One can't channel your creative energy solely into the appearance of your web pages without thinking about their underlying structure. So to be a designer a person must diversify his approach to design problems. He must become equal parts of a coder and writer who writes the content to the site. They also learn what can't be accomplished easily with CSS and, will spot those obstacles early on and adjust your design accordingly. Every medium has its limits and any designer learns to embrace those constraints, using the medium itself as yet another outlet for creativity. Thinking like a viewer will help you find creative solutions to visual problems. Designers demands creative problem solving, and though suggests a slightly different angle of attack, the target remains the same. Cultivate these aspects of your personality, giving each one independent attention.

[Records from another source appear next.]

(* Let $(X,d_X)$ be a finite metric space and let $\mathcal{C}(X)$ and $\mathcal{D}(X)$ be two partitions of $X$ such that every set in $\mathcal{C}(X)$ and every set in $\mathcal{D}(X)$ has diameter at most $\delta$. Fix one of the following inter-cluster distances $d_{\mathcal{C}}$ on pairs of nonempty subsets $A,B\subseteq X$: $\max(A,B)=\max_{x\in A,y\in B} d_X(x,y)$, $\ \min(A,B)=\min_{x\in A,y\in B} d_X(x,y)$, or $\ \operatorname{avg}(A,B)=\frac{1}{|A||B|}\sum_{x\in A}\sum_{y\in B} d_X(x,y)$. Let $G_{\mathcal{C}(X)}$ and $G_{\mathcal{D}(X)}$ be the ClusterGraphs of $\mathcal{C}(X)$ and $\mathcal{D}(X)$ with respect to $d_{\mathcal{C}}$. Then for every vertex $u$ of $G_{\mathcal{C}(X)}$ (corresponding to the cluster $C_u\in\mathcal{C}(X)$), the image $\operatorname{im}(u)$ of $u$ in $G_{\mathcal{D}(X)}$ spans a clique in $G_{\mathcal{D}(X)}$, and the diameter of this clique, i.e. $\max\{ d_{\mathcal{C}}(D_i,D_j) : D_i, D_j \in \operatorname{im}(u),\ D_i\neq D_j\}$, is at most $3\delta$ when $d_{\mathcal{C}}$ is the maximum or the average distance, and at most $\delta$ when $d_{\mathcal{C}}$ is the minimum distance.
   Context: A partition of $X$ is a collection of pairwise disjoint subsets (clusters) whose union is $X$; the diameter of a subset $S$ is $\max_{x,y\in S}d_X(x,y)$. The ClusterGraph of a partition $\mathcal{P}(X)$ with respect to an inter-cluster distance $d_{\mathcal{C}}$ is the complete graph whose vertices are the clusters of $\mathcal{P}(X)$, with the edge between clusters $P_i,P_j$ weighted by $d_{\mathcal{C}}(P_i,P_j)$. The image of a vertex $u$ of $G_{\mathcal{C}(X)}$ (cluster $C_u$) in $G_{\mathcal{D}(X)}$ is the set of vertices of $G_{\mathcal{D}(X)}$ whose clusters $D_j\in\mathcal{D}(X)$ satisfy $D_j\cap C_u\neq\emptyset$. The diameter of a set of vertices in such a weighted graph is the greatest edge weight between any two of its vertices. *)

theory Defs
  imports Complex_Main "HOL-Library.Disjoint_Sets"
begin

definition finite_metric_space :: "'a set \<Rightarrow> ('a \<Rightarrow> 'a \<Rightarrow> real) \<Rightarrow> bool" where
  "finite_metric_space X d \<longleftrightarrow> finite X \<and>
     (\<forall>x\<in>X. \<forall>y\<in>X. d x y \<ge> 0 \<and> (d x y = 0 \<longleftrightarrow> x = y) \<and> d x y = d y x) \<and>
     (\<forall>x\<in>X. \<forall>y\<in>X. \<forall>z\<in>X. d x z \<le> d x y + d y z)"

definition is_partition :: "'a set \<Rightarrow> 'a set set \<Rightarrow> bool" where
  "is_partition X P \<longleftrightarrow> \<Union>P = X \<and> disjoint P \<and> (\<forall>S\<in>P. S \<noteq> {})"

definition set_diam :: "('a \<Rightarrow> 'a \<Rightarrow> real) \<Rightarrow> 'a set \<Rightarrow> real" where
  "set_diam d S = Max {d x y | x y. x \<in> S \<and> y \<in> S}"

datatype linkage = MaxLink | MinLink | AvgLink

definition inter_dist :: "linkage \<Rightarrow> ('a \<Rightarrow> 'a \<Rightarrow> real) \<Rightarrow> 'a set \<Rightarrow> 'a set \<Rightarrow> real" where
  "inter_dist L d A B = (case L of
      MaxLink \<Rightarrow> Max {d x y | x y. x \<in> A \<and> y \<in> B}
    | MinLink \<Rightarrow> Min {d x y | x y. x \<in> A \<and> y \<in> B}
    | AvgLink \<Rightarrow> (\<Sum>x\<in>A. \<Sum>y\<in>B. d x y) / (real (card A) * real (card B)))"

text \<open>ClusterGraph: complete graph on the clusters, with edge weights given by the
  inter-cluster distance. Represented by its vertex set, edge relation and weight.\<close>
definition cg_vertices :: "'a set set \<Rightarrow> 'a set set" where
  "cg_vertices P = P"

definition cg_edge :: "'a set set \<Rightarrow> 'a set \<Rightarrow> 'a set \<Rightarrow> bool" where
  "cg_edge P A B \<longleftrightarrow> A \<in> P \<and> B \<in> P \<and> A \<noteq> B"

definition cg_weight :: "linkage \<Rightarrow> ('a \<Rightarrow> 'a \<Rightarrow> real) \<Rightarrow> 'a set set \<Rightarrow> 'a set \<Rightarrow> 'a set \<Rightarrow> real" where
  "cg_weight L d P A B = inter_dist L d A B"

definition is_clique :: "'a set set \<Rightarrow> 'a set set \<Rightarrow> bool" where
  "is_clique P K \<longleftrightarrow> K \<subseteq> cg_vertices P \<and> (\<forall>A\<in>K. \<forall>B\<in>K. A \<noteq> B \<longrightarrow> cg_edge P A B)"

definition image_in :: "'a set set \<Rightarrow> 'a set \<Rightarrow> 'a set set" where
  "image_in D C = {Dj \<in> D. Dj \<inter> C \<noteq> {}}"

end

theory Submission
  imports Defs
begin

text \<open>If two clusters \<open>D\<^sub>i\<close>, \<open>D\<^sub>j\<close> of \<open>\<D>\<close> meet the cluster \<open>C\<^sub>u\<close> in points \<open>a\<close> and \<open>b\<close>, then
  every \<open>x \<in> D\<^sub>i\<close>, \<open>y \<in> D\<^sub>j\<close> satisfy \<open>d x y \<le> d x a + d a b + d b y \<le> 3\<delta>\<close>, which bounds the maximum
  and the average linkage. The minimum linkage is at most \<open>d a b \<le> \<delta>\<close>.\<close>

lemma finite_dist_set:
  assumes "finite A" "finite B"
  shows "finite {d x y | x y. x \<in> A \<and> y \<in> B}"
proof -
  have "{d x y | x y. x \<in> A \<and> y \<in> B} = case_prod d ` (A \<times> B)" by auto
  then show ?thesis using assms by simp
qed

lemma dist_le_set_diam:
  assumes "finite S" "x \<in> S" "y \<in> S"
  shows "d x y \<le> set_diam d S"
  unfolding set_diam_def using assms by (intro Max_ge finite_dist_set) auto

lemma partition_memberD:
  assumes "is_partition X P" "finite X" "S \<in> P"
  shows "S \<subseteq> X" "finite S" "S \<noteq> {}"
proof -
  show "S \<subseteq> X" "S \<noteq> {}" using assms unfolding is_partition_def by auto
  show "finite S" using \<open>S \<subseteq> X\<close> assms(2) by (rule finite_subset)
qed

lemma is_clique_image_in: "is_clique P (image_in P C)"
  unfolding is_clique_def cg_vertices_def cg_edge_def image_in_def by auto

lemma inter_dist_MinLink_le:
  assumes "finite A" "finite B" "x \<in> A" "y \<in> B"
  shows "inter_dist MinLink d A B \<le> d x y"
  unfolding inter_dist_def using assms by (auto intro: Min_le finite_dist_set)

lemma inter_dist_le_if_dist_le:
  assumes "finite A" "finite B" "A \<noteq> {}" "B \<noteq> {}"
    and bound: "\<forall>x\<in>A. \<forall>y\<in>B. d x y \<le> c"
  shows "inter_dist L d A B \<le> c"
proof (cases L)
  case MaxLink
  have "{d x y | x y. x \<in> A \<and> y \<in> B} \<noteq> {}" using assms(3,4) by blast
  then show ?thesis
    unfolding inter_dist_def using MaxLink bound
    by (auto intro!: Max.boundedI finite_dist_set assms(1,2))
next
  case MinLink
  obtain p q where "p \<in> A" "q \<in> B" using assms(3,4) by blast
  then have "inter_dist MinLink d A B \<le> d p q"
    using assms(1,2) by (intro inter_dist_MinLink_le)
  also have "\<dots> \<le> c" using bound \<open>p \<in> A\<close> \<open>q \<in> B\<close> by blast
  finally show ?thesis using MinLink by simp
next
  case AvgLink
  have "(\<Sum>x\<in>A. \<Sum>y\<in>B. d x y) \<le> real (card A) * (real (card B) * c)"
    using bound by (intro sum_bounded_above) (simp add: sum_bounded_above)
  moreover have "real (card A) * real (card B) > 0"
    using assms(1-4) by (simp add: card_gt_0_iff)
  ultimately show ?thesis
    unfolding inter_dist_def using AvgLink by (simp add: pos_divide_le_eq mult_ac)
qed

lemma dist_le_three_diam_through_overlaps:
  assumes "finite_metric_space X d" "A \<subseteq> X" "B \<subseteq> X" "C \<subseteq> X"
    and "set_diam d A \<le> \<delta>" "set_diam d B \<le> \<delta>" "set_diam d C \<le> \<delta>"
    and "a \<in> A \<inter> C" "b \<in> B \<inter> C" "x \<in> A" "y \<in> B"
  shows "d x y \<le> 3 * \<delta>"
proof -
  have fin: "finite A" "finite B" "finite C"
    using assms(1-4) finite_subset unfolding finite_metric_space_def by auto
  have tri: "d p r \<le> d p q + d q r" if "p \<in> X" "q \<in> X" "r \<in> X" for p q r
    using assms(1) that unfolding finite_metric_space_def by blast
  have "d x y \<le> d x a + d a b + d b y"
    using tri[of x a y] tri[of a b y] assms(2-4,8-11) by fastforce
  also have "\<dots> \<le> 3 * \<delta>"
    using dist_le_set_diam[of A x a d] dist_le_set_diam[of C a b d] dist_le_set_diam[of B b y d]
      fin assms(5-11) by auto
  finally show ?thesis .
qed

theorem proposition2:
  fixes X :: "'a set" and d :: "'a \<Rightarrow> 'a \<Rightarrow> real" and \<C> \<D> :: "'a set set"
    and \<delta> :: real and L :: linkage
  assumes "finite_metric_space X d"
    and "is_partition X \<C>" and "is_partition X \<D>"
    and "\<forall>S\<in>\<C>. set_diam d S \<le> \<delta>" and "\<forall>S\<in>\<D>. set_diam d S \<le> \<delta>"
    and "u \<in> cg_vertices \<C>"
  shows "is_clique \<D> (image_in \<D> u) \<and>
    (\<forall>Di\<in>image_in \<D> u. \<forall>Dj\<in>image_in \<D> u. Di \<noteq> Dj \<longrightarrow>
        cg_weight L d \<D> Di Dj \<le> (if L = MinLink then \<delta> else 3 * \<delta>))"
proof -
  have "finite X" using assms(1) unfolding finite_metric_space_def by simp
  note \<C>_member = partition_memberD[OF assms(2) this] and \<D>_member = partition_memberD[OF assms(3) this]
  have u: "u \<in> \<C>" using assms(6) unfolding cg_vertices_def .
  have "inter_dist L d Di Dj \<le> (if L = MinLink then \<delta> else 3 * \<delta>)"
    if images: "Di \<in> image_in \<D> u" "Dj \<in> image_in \<D> u" for Di Dj
  proof -
    obtain a b where Di: "Di \<in> \<D>" "a \<in> Di \<inter> u" and Dj: "Dj \<in> \<D>" "b \<in> Dj \<inter> u"
      using images unfolding image_in_def by blast
    show ?thesis
    proof (cases "L = MinLink")
      case True
      have "d a b \<le> \<delta>"
        using dist_le_set_diam[of u a b d] \<C>_member(2)[OF u] u Di(2) Dj(2) assms(4) by fastforce
      then show ?thesis
        using True inter_dist_MinLink_le[of Di Dj a b d] \<D>_member(2) Di Dj by fastforce
    next
      case False
      have "\<forall>x\<in>Di. \<forall>y\<in>Dj. d x y \<le> 3 * \<delta>"
        using dist_le_three_diam_through_overlaps[OF assms(1) \<D>_member(1)[OF Di(1)]
            \<D>_member(1)[OF Dj(1)] \<C>_member(1)[OF u]] Di Dj u assms(4,5) by blast
      then show ?thesis
        using False inter_dist_le_if_dist_le[OF \<D>_member(2)[OF Di(1)] \<D>_member(2)[OF Dj(1)]
            \<D>_member(3)[OF Di(1)] \<D>_member(3)[OF Dj(1)]] by simp
    qed
  qed
  then show ?thesis using is_clique_image_in unfolding cg_weight_def by blast
qed

end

Try starting with an outline of your content before the need to even doodle first thumbnail. List everything that will eventually be displayed on the page, from logo to copyright notice. Group related things together in meaningful portions. Take the time to understand the content, even if that means actually reading it. Understand the ideas that communicating and will be better prepared when you start drawing it out. Then the designers can go on to arrange those chunks of information into a visually appealing design, plan the sequence of elements in your markup and which CSS properties will be using to affect their presentation.
Molding the web experience through pristinely valid, semantically rich markup and elegant CSS will come to you as easily as breathing. The old presentational methods will feel awkward and distasteful, primitive in their crude brutality. If one view the source of a site built a year ago and cringe in embarrassment, wondering how could ever think such sloppy, unintuitive spaghetti code was remotely acceptable.
When the designers will understand that content and code really do matter at least as much as design, they will become a better designer in the end and grasp web standards.